Последние каникулы - Страница 53


К оглавлению

53

Она вспомнила сейчас о своем письме ему — плохое, нечестное письмо получилось, — и решила утром взять его из ящика обратно и написать новое и в нем сказать то, что он не знает: и о Тане, у которой вечером от тяжелой работы немели ноги, и о Вовике, который однажды вдруг спросил ее совета, как ему быть с девчонкой («Влюблена она в меня, понял? А я люблю ее. Вот такая разница, секешь? А тронуть ее страшно, поломается девчонка! Что делать?» «Жди», — ответила она тогда Вовику, Он помялся, не решаясь спросить, и все–таки не спросил. «И я жду, — сама сказала ему Оля. — Ну, иди, а то заметят, что ты серьезно разговариваешь»), и о Вале Кочеткове, который из месяца в месяц, пока набирался отряд, твердил: нужно дисциплина, железная дисциплина, тогда все будет в порядке, тогда все сделаем, только тогда все и делается, когда дисциплина! — и оказалось: этого так мало! И еще ей хотелось объяснить Вадику в письме, что сейчас ее долг перед матерью и братишками выше ее долга перед ним. «А почему? — спросила она себя. — Да потому что жизнь — борьба», — вот так просто ответила она себе. Жизнь — борьба, и ты отстаиваешь свое право прожить ее так, как ты задумал, и, получается, каждый день надо обороняться от соблазнов и искушений других, не своих путей.
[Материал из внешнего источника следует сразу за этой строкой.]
lemma smul_scale_left: "smul (\<lambda>w. c * f w) g = (\<lambda>w. c * smul f g w)"
proof
  show "smul (\<lambda>w. c * f w) g w = c * smul f g w" for w
  proof (induction w arbitrary: f g)
    case Nil
    then show ?case by (simp add: pprod_Nil)
  next
    case (Cons a w)
    show ?case
      by (simp add: smul_Cons lderiv_scale Cons.IH algebra_simps)
  qed
qed

lemma smul_commute: "smul f g = smul g f"
proof
  show "smul f g w = smul g f w" for w
  proof (induction w arbitrary: f g)
    case Nil
    then show ?case by (simp add: pprod_Nil)
  next
    case (Cons a w)
    show ?case
      by (simp only: smul_Cons Cons.IH[of f] Cons.IH[of "lderiv a f"]) (simp add: add_ac)
  qed
qed

lemma smul_add_right: "smul f (\<lambda>w. g1 w + g2 w) = (\<lambda>w. smul f g1 w + smul f g2 w)"
  by (simp add: smul_commute[of f] smul_add_left)

lemma smul_scale_right: "smul f (\<lambda>w. c * g w) = (\<lambda>w. c * smul f g w)"
  by (simp add: smul_commute[of f] smul_scale_left)

lemma smul_assoc:
  assumes "\<alpha> * \<gamma> = \<beta> * (\<beta> - 1)"
  shows "smul f (smul g h) = smul (smul f g) h"
proof
  show "smul f (smul g h) w = smul (smul f g) h w" for w
  proof (induction w arbitrary: f g h)
    case Nil
    then show ?case by (simp add: pprod_Nil)
  next
    case (Cons a w)
    (* After one step the coefficient of \<delta>f g h is \<beta> + \<alpha> \<gamma> on the left and \<beta>^2 on the right,
       and the other way round for f g \<delta>h; all other coefficients agree. *)
    show ?case
      by (simp only: smul_Cons lderiv_smul smul_add_left smul_add_right smul_scale_left
          smul_scale_right Cons.IH) (use assms in algebra)
  qed
qed

lemma BAC_smul:
  assumes "\<alpha> * \<gamma> = \<beta> * (\<beta> - 1)"
  shows "BAC smul"
  unfolding BAC_def
  by (intro conjI allI smul_add_left smul_scale_left smul_commute smul_assoc[OF assms])

end

lemma sem_eq_if_term_equiv:
  assumes "BAC mul" and "u \<approx> v"
  shows "sem mul \<rho> u = sem mul \<rho> v"
proof -
  interpret series: comm_algebra "\<lambda>c f w. c * f w" mul
  proof
    fix f g h :: "'a series" and c d :: rat
    show "(\<lambda>w. c * (f + g) w) = (\<lambda>w. c * f w) + (\<lambda>w. c * g w)"
      and "(\<lambda>w. (c + d) * f w) = (\<lambda>w. c * f w) + (\<lambda>w. d * f w)"
      by (simp_all add: plus_fun_def distrib_left distrib_right)
    show "(\<lambda>w. c * (d * f w)) = (\<lambda>w. c * d * f w)" and "(\<lambda>w. 1 * f w) = f"
      by (simp_all add: mult.assoc)
    show "mul (f + g) h = mul f h + mul g h" and "mul (\<lambda>w. c * f w) g = (\<lambda>w. c * mul f g w)"
      and "mul f g = mul g f" and "mul (mul f g) h = mul f (mul g h)"
      using assms(1) unfolding BAC_def plus_fun_def by metis+
  qed
  have "sem mul \<rho> t = series.trm_eval \<rho> t" for t
    by (induction t) (simp_all add: plus_fun_def zero_fun_def)
  then show ?thesis
    using series.trm_eval_term_equiv[OF assms(2)] by simp
qed

lemma pprod_eq_if_term_equiv:
  assumes "BAC (pprod Q :: 'a series_mul)" and "P \<approx> Q"
  shows "pprod P = (pprod Q :: 'a series_mul)"
proof (rule pprod_eqI)
  have "Q \<approx> P"
    using assms(2) by (simp add: term_equiv_def)
  then have "sem (pprod Q) \<rho> Q = sem (pprod Q :: 'a series_mul) \<rho> P" for \<rho>
    by (rule sem_eq_if_term_equiv[OF assms(1)])
  moreover have "is_P_product Q (pprod Q :: 'a series_mul)"
    by (rule pprod_is_P_product)
  ultimately show "is_P_product P (pprod Q :: 'a series_mul)"
    by (simp add: is_P_product_def)
qed

lemma simple_imp_BAC:
  assumes "simple P"
  shows "BAC (pprod P :: 'a series_mul)"
proof -
  obtain \<alpha> \<beta> \<gamma> where "\<alpha> * \<gamma> = \<beta> * (\<beta> - 1)" and "P \<approx> simple_rule \<alpha> \<beta> \<gamma>"
    using assms by (auto simp: simple_iff_simple_rule)
  then show ?thesis
    using simple_product.BAC_smul pprod_eq_if_term_equiv by metis
qed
И матери надо бороться сейчас за троих, потому что отец и за себя–то постоять не может. Другое дело — совсем освободить ее от заботы о насущном для себя. И самый простой способ — выйти замуж за Колю, ведь Вадик так далеко и ничего этого не знает. «Что же мне делать? — думала она, — Какое письмо вместит это? И не найду я слова для него. Ах, если б Вадик был рядом, я рассказала бы ему и о Тане, и о Вовике то, что он не знает про них, и о Ведьме, с узелком ее грехов, черного… О ее конечной вере в чью–то доброту…»

Затворила двери почтового отделения, наложила тяжелый засов, достала из тумбочки канцелярского стола подушку и настроилась подремать до утра — нежного, розово–мглистого, тихо начинающегося у самой земли. Но в час ночи под окнами кто–то начал ходить, трещать в кустах ветками. Оля громко крикнула: «Вот я вас, полуношники!» — и долго улыбалась, вспоминая чай с вяленой рыбой. Потом кто–то негромко и настойчиво начал стучать в двери.

— Кто там? — строго спросила Оля.

— Открой, свои, — раздался знакомый голос, и, помедлив, Оля скинула засов.

— Здорово! — сказал Коля и улыбнулся, и опять у него на щеках появились ямочки, будто и армии за ним не было и двух лет не прошло.

— Здравствуй. — Оля подала ему руку.

— И только–то? — Коля потряс ее руку, удержал и потом, напряженно улыбаясь, несильно потянул к себе. Оля выдернула свою руку. — Значит, так? А, Оля–доля моя? Выходит, все?

— Ты не обижайся, Коля, — сказала Оля и прошла за барьер, села у коммутатора. Коля подошел, оперся руками о барьерчик.

— А красивая ты! Даже красивей, чем была, не смейся. — Он все рассматривал ее, неторопливо, ласково. — Слышу — приехала, а в клуб не ходишь. Ждал. Мать сегодня твоя заходила, ага! Ну, я и пришел поговорить. Поглядеть. Выходит, не получилось тебя там? — спросил он. — Да ты не бойся поговори, я шуметь не стану. Ты как летом писать бросила, так я все понял. Бывает… Только не думал я, что ты сюда вернешься. Насовсем?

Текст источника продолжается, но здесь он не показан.